Problem
From the data that follows, report how many lines hold the string "where", giving only the number.

Dataset entries
lemma expectation_sample_cov_square:
  shows "integrable M (\<lambda>\<omega>. Shat \<omega> \<bullet> Shat \<omega>)"
    and "integral\<^sup>L M (\<lambda>\<omega>. Shat \<omega> \<bullet> Shat \<omega>)
       = trace (Sig ** Sig) + ((trace Sig)\<^sup>2 + trace (Sig ** Sig)) / real n"
proof -
  show "integrable M (\<lambda>\<omega>. Shat \<omega> \<bullet> Shat \<omega>)"
    unfolding inner_matrix_entries by (intro integrable_sum_sum sample_cov_second_moment(1))
  have "integral\<^sup>L M (\<lambda>\<omega>. Shat \<omega> \<bullet> Shat \<omega>) = (\<Sum>a\<in>UNIV. \<Sum>b\<in>UNIV.
      Sig $ a $ b * Sig $ a $ b + (Sig $ a $ a * Sig $ b $ b + Sig $ a $ b * Sig $ a $ b) / real n)"
    unfolding inner_matrix_entries
    by (simp add: integral_sum_sum sample_cov_second_moment Sig_symmetric[of _ a for a])
  also have "\<dots> = trace (Sig ** Sig) + ((trace Sig)\<^sup>2 + trace (Sig ** Sig)) / real n"
    by (simp add: trace_Sig_square inner_matrix_entries trace_square_entries sum.distrib
        sum_divide_distrib add_divide_distrib)
  finally show "integral\<^sup>L M (\<lambda>\<omega>. Shat \<omega> \<bullet> Shat \<omega>)
       = trace (Sig ** Sig) + ((trace Sig)\<^sup>2 + trace (Sig ** Sig)) / real n" .
qed

lemma expectation_trace_square:
  shows "integrable M (\<lambda>\<omega>. (trace (Shat \<omega>))\<^sup>2)"
    and "integral\<^sup>L M (\<lambda>\<omega>. (trace (Shat \<omega>))\<^sup>2) = (trace Sig)\<^sup>2 + 2 * trace (Sig ** Sig) / real n"
proof -
  show "integrable M (\<lambda>\<omega>. (trace (Shat \<omega>))\<^sup>2)"
    unfolding trace_square_entries by (intro integrable_sum_sum sample_cov_second_moment(1))
  have "integral\<^sup>L M (\<lambda>\<omega>. (trace (Shat \<omega>))\<^sup>2) = (\<Sum>a\<in>UNIV. \<Sum>b\<in>UNIV.
      Sig $ a $ a * Sig $ b $ b + (Sig $ a $ b * Sig $ a $ b + Sig $ a $ b * Sig $ a $ b) / real n)"
    unfolding trace_square_entries
    by (simp add: integral_sum_sum sample_cov_second_moment Sig_symmetric[of a b for a b])
  also have "\<dots> = (trace Sig)\<^sup>2 + 2 * trace (Sig ** Sig) / real n"
    by (simp add: trace_Sig_square inner_matrix_entries trace_square_entries sum.distrib
        sum_divide_distrib sum_distrib_left)
  finally show "integral\<^sup>L M (\<lambda>\<omega>. (trace (Shat \<omega>))\<^sup>2) = (trace Sig)\<^sup>2 + 2 * trace (Sig ** Sig) / real n" .
qed


lemma expectation_trace_sample_cov:
  shows "integrable M (\<lambda>\<omega>. trace (Shat \<omega>))" and "integral\<^sup>L M (\<lambda>\<omega>. trace (Shat \<omega>)) = trace Sig"
  using expectation_inner_sample_cov[of "mat 1"] by (simp_all add: inner_mat_1)

lemma expectation_target_gap:
  shows "integrable M (\<lambda>\<omega>. frob_sq (Shat \<omega> - shrink_target (Shat \<omega>)))"
    and "integral\<^sup>L M (\<lambda>\<omega>. frob_sq (Shat \<omega> - shrink_target (Shat \<omega>)))
       = ((real n + 1 - 2 / real CARD('p)) * trace (Sig ** Sig)
          + (1 - real n / real CARD('p)) * (trace Sig)\<^sup>2) / real n"
proof -
  let ?p = "real CARD('p)"
  note gap = frob_sq_minus_shrink_target[of "Shat \<omega>" for \<omega>]
  note SS = expectation_sample_cov_square
  note TT = expectation_trace_square
  show "integrable M (\<lambda>\<omega>. frob_sq (Shat \<omega> - shrink_target (Shat \<omega>)))"
    unfolding gap by (intro Bochner_Integration.integrable_diff integrable_divide SS(1) TT(1))
  have "integral\<^sup>L M (\<lambda>\<omega>. frob_sq (Shat \<omega> - shrink_target (Shat \<omega>)))
      = trace (Sig ** Sig) + ((trace Sig)\<^sup>2 + trace (Sig ** Sig)) / real n
        - ((trace Sig)\<^sup>2 + 2 * trace (Sig ** Sig) / real n) / ?p"
    unfolding gap by (simp add: SS TT integrable_divide)
  also have "\<dots> = ((real n + 1 - 2 / ?p) * trace (Sig ** Sig) + (1 - real n / ?p) * (trace Sig)\<^sup>2) / real n"
    using n1 by (simp add: field_simps)
  finally show "integral\<^sup>L M (\<lambda>\<omega>. frob_sq (Shat \<omega> - shrink_target (Shat \<omega>)))
      = ((real n + 1 - 2 / ?p) * trace (Sig ** Sig) + (1 - real n / ?p) * (trace Sig)\<^sup>2) / real n" .
qed

lemma expectation_cross_term:
  shows "integrable M (\<lambda>\<omega>. trace ((Sig - Shat \<omega>) ** (shrink_target (Shat \<omega>) - Shat \<omega>)))"
    and "integral\<^sup>L M (\<lambda>\<omega>. trace ((Sig - Shat \<omega>) ** (shrink_target (Shat \<omega>) - Shat \<omega>)))
       = ((1 - 2 / real CARD('p)) * trace (Sig ** Sig) + (trace Sig)\<^sup>2) / real n"
proof -
  let ?p = "real CARD('p)"
  note cross = trace_cross_shrink_target[OF sample_cov_symmetric, of Sig n "\<lambda>i. X i \<omega>" for \<omega>]
  note SS = expectation_sample_cov_square
  note TT = expectation_trace_square
  note IS = expectation_inner_sample_cov[of Sig]
  note TS = expectation_trace_sample_cov
  have I1: "integrable M (\<lambda>\<omega>. trace Sig * trace (Shat \<omega>) / ?p)"
    by (intro integrable_divide integrable_mult_right TS(1))
  have I2: "integrable M (\<lambda>\<omega>. (trace (Shat \<omega>))\<^sup>2 / ?p)"
    by (intro integrable_divide TT(1))
  show "integrable M (\<lambda>\<omega>. trace ((Sig - Shat \<omega>) ** (shrink_target (Shat \<omega>) - Shat \<omega>)))"
    unfolding cross
    by (intro Bochner_Integration.integrable_add Bochner_Integration.integrable_diff I1 I2 IS(1) SS(1))
  have "integral\<^sup>L M (\<lambda>\<omega>. trace ((Sig - Shat \<omega>) ** (shrink_target (Shat \<omega>) - Shat \<omega>)))
      = trace Sig * trace Sig / ?p - trace (Sig ** Sig)
        - ((trace Sig)\<^sup>2 + 2 * trace (Sig ** Sig) / real n) / ?p
        + (trace (Sig ** Sig) + ((trace Sig)\<^sup>2 + trace (Sig ** Sig)) / real n)"
    unfolding cross
    by (simp add: Bochner_Integration.integral_add Bochner_Integration.integral_diff
        Bochner_Integration.integrable_diff I1 I2 IS SS TT TS trace_Sig_square)
  also have "\<dots> = ((1 - 2 / ?p) * trace (Sig ** Sig) + (trace Sig)\<^sup>2) / real n"
    using n1 by (simp add: field_simps power2_eq_square)
  finally show "integral\<^sup>L M (\<lambda>\<omega>. trace ((Sig - Shat \<omega>) ** (shrink_target (Shat \<omega>) - Shat \<omega>)))
      = ((1 - 2 / ?p) * trace (Sig ** Sig) + (trace Sig)\<^sup>2) / real n" .
qed

lemma expected_risk_quadratic:
  "integral\<^sup>L M (\<lambda>\<omega>. frob_sq ((1 - r) *\<^sub>R Shat \<omega> + r *\<^sub>R shrink_target (Shat \<omega>) - Sig))
   = integral\<^sup>L M (\<lambda>\<omega>. frob_sq (Shat \<omega> - Sig))
     - 2 * r * integral\<^sup>L M (\<lambda>\<omega>. trace ((Sig - Shat \<omega>) ** (shrink_target (Shat \<omega>) - Shat \<omega>)))
     + r\<^sup>2 * integral\<^sup>L M (\<lambda>\<omega>. frob_sq (Shat \<omega> - shrink_target (Shat \<omega>)))"
proof -
  have "frob_sq (Shat \<omega> - Sig) = Shat \<omega> \<bullet> Shat \<omega> - 2 * (Sig \<bullet> Shat \<omega>) + Sig \<bullet> Sig" for \<omega>
    by (simp add: frob_sq_inner inner_diff_left inner_diff_right inner_commute[of "Shat \<omega>" Sig])
  then have I: "integrable M (\<lambda>\<omega>. frob_sq (Shat \<omega> - Sig))"
    using ps by (simp add: Bochner_Integration.integrable_add Bochner_Integration.integrable_diff
        expectation_sample_cov_square(1)
        expectation_inner_sample_cov(1) prob_space.finite_measure
        finite_measure.integrable_const)
  show ?thesis
    unfolding shrinkage_loss_expansion[OF sample_cov_symmetric]
    by (simp add: I Bochner_Integration.integral_add Bochner_Integration.integral_diff
        Bochner_Integration.integrable_diff expectation_cross_term(1) expectation_target_gap(1))
qed

end

subsection \<open>Positivity of the denominator\<close>

text \<open>A positive definite matrix has positive diagonal entries, hence positive trace.\<close>

lemma sym_posdef_trace_pos:
  fixes A :: "real^'n^'n"
  assumes "sym_posdef A"
  shows "trace A > 0"
proof -
  have "A $ i $ i > 0" for i
  proof -
    have "axis i 1 \<noteq> (0::real^'n)" by (simp add: axis_eq_0_iff)
    then have "axis i 1 \<bullet> (A *v axis i 1) > 0" using assms by (simp add: sym_posdef_def)
    then show ?thesis
      by (simp add: inner_axis' matrix_vector_mult_basis column_def)
  qed
  then show ?thesis
    unfolding trace_def by (intro sum_pos) auto
qed

text \<open>Cauchy--Schwarz: \<open>Tr\<^sup>2(A) \<le> p \<parallel>A\<parallel>\<^sup>2\<close>.\<close>

lemma trace_square_le:
  fixes A :: "real^'n^'n"
  shows "(trace A)\<^sup>2 \<le> real CARD('n) * (A \<bullet> A)"
proof -
  have "(trace A)\<^sup>2 \<le> (\<Sum>a\<in>UNIV. (A $ a $ a)\<^sup>2) * real CARD('n)"
    unfolding trace_def by (rule sum_squared_le_sum_of_squares)
  also have "\<dots> \<le> (A \<bullet> A) * real CARD('n)"
  proof (rule mult_right_mono)
    show "(\<Sum>a\<in>UNIV. (A $ a $ a)\<^sup>2) \<le> A \<bullet> A"
      unfolding inner_matrix_entries
      by (intro sum_mono) (auto simp: power2_eq_square intro: member_le_sum)
  qed simp
  finally show ?thesis
    by (simp add: mult.commute)
qed

text \<open>An elementary inequality behind the positivity of the denominator: if
  \<open>t\<^sub>1\<^sup>2 \<le> p t\<^sub>2\<close>, the expression is at least \<open>(1 - 2/p) t\<^sub>2 + t\<^sub>1\<^sup>2 > 0\<close>.\<close>

lemma shrinkage_denominator_pos:
  fixes p n t1 t2 :: real
  assumes "p \<ge> 2" and "n \<ge> 0" and "t1 \<noteq> 0" and "t1\<^sup>2 \<le> p * t2"
  shows "(n + 1 - 2 / p) * t2 + (1 - n / p) * t1\<^sup>2 > 0"
proof -
  have "p > 0" using assms by simp
  have "t2 \<ge> 0"
    using assms \<open>p > 0\<close> zero_le_power2[of t1] by (meson order_trans zero_le_mult_iff not_le)
  have "n / p * t1\<^sup>2 \<le> n / p * (p * t2)"
    using assms \<open>p > 0\<close> by (intro mult_left_mono) simp_all
  also have "\<dots> = n * t2"
    using \<open>p > 0\<close> by simp
  finally have "n / p * t1\<^sup>2 \<le> n * t2" .
  moreover have "2 / p \<le> 1"
    using assms by simp
  then have "(1 - 2 / p) * t2 \<ge> 0"
    using \<open>t2 \<ge> 0\<close> by simp
  moreover have "t1\<^sup>2 > 0"
    using assms by simp
  moreover have "(n + 1 - 2 / p) * t2 + (1 - n / p) * t1\<^sup>2
      = (1 - 2 / p) * t2 + t1\<^sup>2 + (n * t2 - n / p * t1\<^sup>2)"
    by (simp add: algebra_simps)
  ultimately show ?thesis
    by linarith
qed

lemma sym_posdef_shrinkage_denominator_pos:
  fixes Sig :: "real^'p^'p"
  assumes "sym_posdef Sig" and "CARD('p) \<ge> 2"
  shows "(real n + 1 - 2 / real CARD('p)) * trace (Sig ** Sig)
    + (1 - real n / real CARD('p)) * (trace Sig)\<^sup>2 > 0"
proof (rule shrinkage_denominator_pos)
  show "(trace Sig)\<^sup>2 \<le> real CARD('p) * trace (Sig ** Sig)"
    using trace_square_le[of Sig] assms(1) by (simp add: sym_posdef_def trace_mult_symmetric)
  show "trace Sig \<noteq> 0"
    using sym_posdef_trace_pos[OF assms(1)] by simp
qed (use assms(2) in auto)

theorem theorem1:
  fixes M :: "'a measure" and Sig :: "real^'p^'p" and n :: nat
    and X :: "nat \<Rightarrow> 'a \<Rightarrow> real^'p"
  assumes "prob_space M"
    and "CARD('p) \<ge> 2" and "n \<ge> 1"
    and "sym_posdef Sig"
    and "prob_space.indep_vars M (\<lambda>_. borel) X {1..n}"
    and "\<And>i. i \<in> {1..n} \<Longrightarrow> distributed M lborel (X i) (mvn_density Sig)"
  defines "R \<equiv> \<lambda>\<rho>::real. prob_space.expectation M
               (\<lambda>\<omega>. frob_sq ((1 - \<rho>) *\<^sub>R sample_cov n (\<lambda>i. X i \<omega>) + \<rho> *\<^sub>R shrink_target (sample_cov n (\<lambda>i. X i \<omega>)) - Sig))"
  shows "(\<exists>!\<rho>. \<forall>r. R \<rho> \<le> R r)
    \<and> (\<forall>\<rho>. (\<forall>r. R \<rho> \<le> R r) \<longrightarrow>
          \<rho> = prob_space.expectation M (\<lambda>\<omega>. trace ((Sig - sample_cov n (\<lambda>i. X i \<omega>)) ** (shrink_target (sample_cov n (\<lambda>i. X i \<omega>)) - sample_cov n (\<lambda>i. X i \<omega>))))
                / prob_space.expectation M (\<lambda>\<omega>. frob_sq (sample_cov n (\<lambda>i. X i \<omega>) - shrink_target (sample_cov n (\<lambda>i. X i \<omega>))))
        \<and> \<rho> = ((1 - 2 / real CARD('p)) * trace (Sig ** Sig) + (trace Sig)^2)
              / ((real n + 1 - 2 / real CARD('p)) * trace (Sig ** Sig)
                 + (1 - real n / real CARD('p)) * (trace Sig)^2))"
proof -
  let ?S = "\<lambda>\<omega>. sample_cov n (\<lambda>i. X i \<omega>)" and ?p = "real CARD('p)"
  note setting = assms(1) assms(3-6)
  define al where "al = prob_space.expectation M (\<lambda>\<omega>. frob_sq (?S \<omega> - Sig))"
  define be where "be = prob_space.expectation M
    (\<lambda>\<omega>. trace ((Sig - ?S \<omega>) ** (shrink_target (?S \<omega>) - ?S \<omega>)))"
  define ga where "ga = prob_space.expectation M (\<lambda>\<omega>. frob_sq (?S \<omega> - shrink_target (?S \<omega>)))"
  have R: "R r = al - 2 * r * be + r\<^sup>2 * ga" for r
    unfolding R_def al_def be_def ga_def by (rule expected_risk_quadratic[OF setting])
  have be: "be = ((1 - 2 / ?p) * trace (Sig ** Sig) + (trace Sig)\<^sup>2) / real n"
    unfolding be_def by (rule expectation_cross_term(2)[OF setting])
  have ga: "ga = ((real n + 1 - 2 / ?p) * trace (Sig ** Sig) + (1 - real n / ?p) * (trace Sig)\<^sup>2)
      / real n"
    unfolding ga_def by (rule expectation_target_gap(2)[OF setting])
  have "(real n + 1 - 2 / ?p) * trace (Sig ** Sig) + (1 - real n / ?p) * (trace Sig)\<^sup>2 > 0"
    using sym_posdef_shrinkage_denominator_pos[OF assms(4) assms(2)] .
  then have "ga > 0"
    using assms(3) by (simp add: ga)
  moreover have "be / ga = ((1 - 2 / ?p) * trace (Sig ** Sig) + (trace Sig)\<^sup>2)
      / ((real n + 1 - 2 / ?p) * trace (Sig ** Sig) + (1 - real n / ?p) * (trace Sig)\<^sup>2)"
    using assms(3) by (simp add: be ga)
  ultimately show ?thesis
    using quadratic_unique_minimizer[of ga R al be] R by (simp add: be_def ga_def)
qed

Written response
3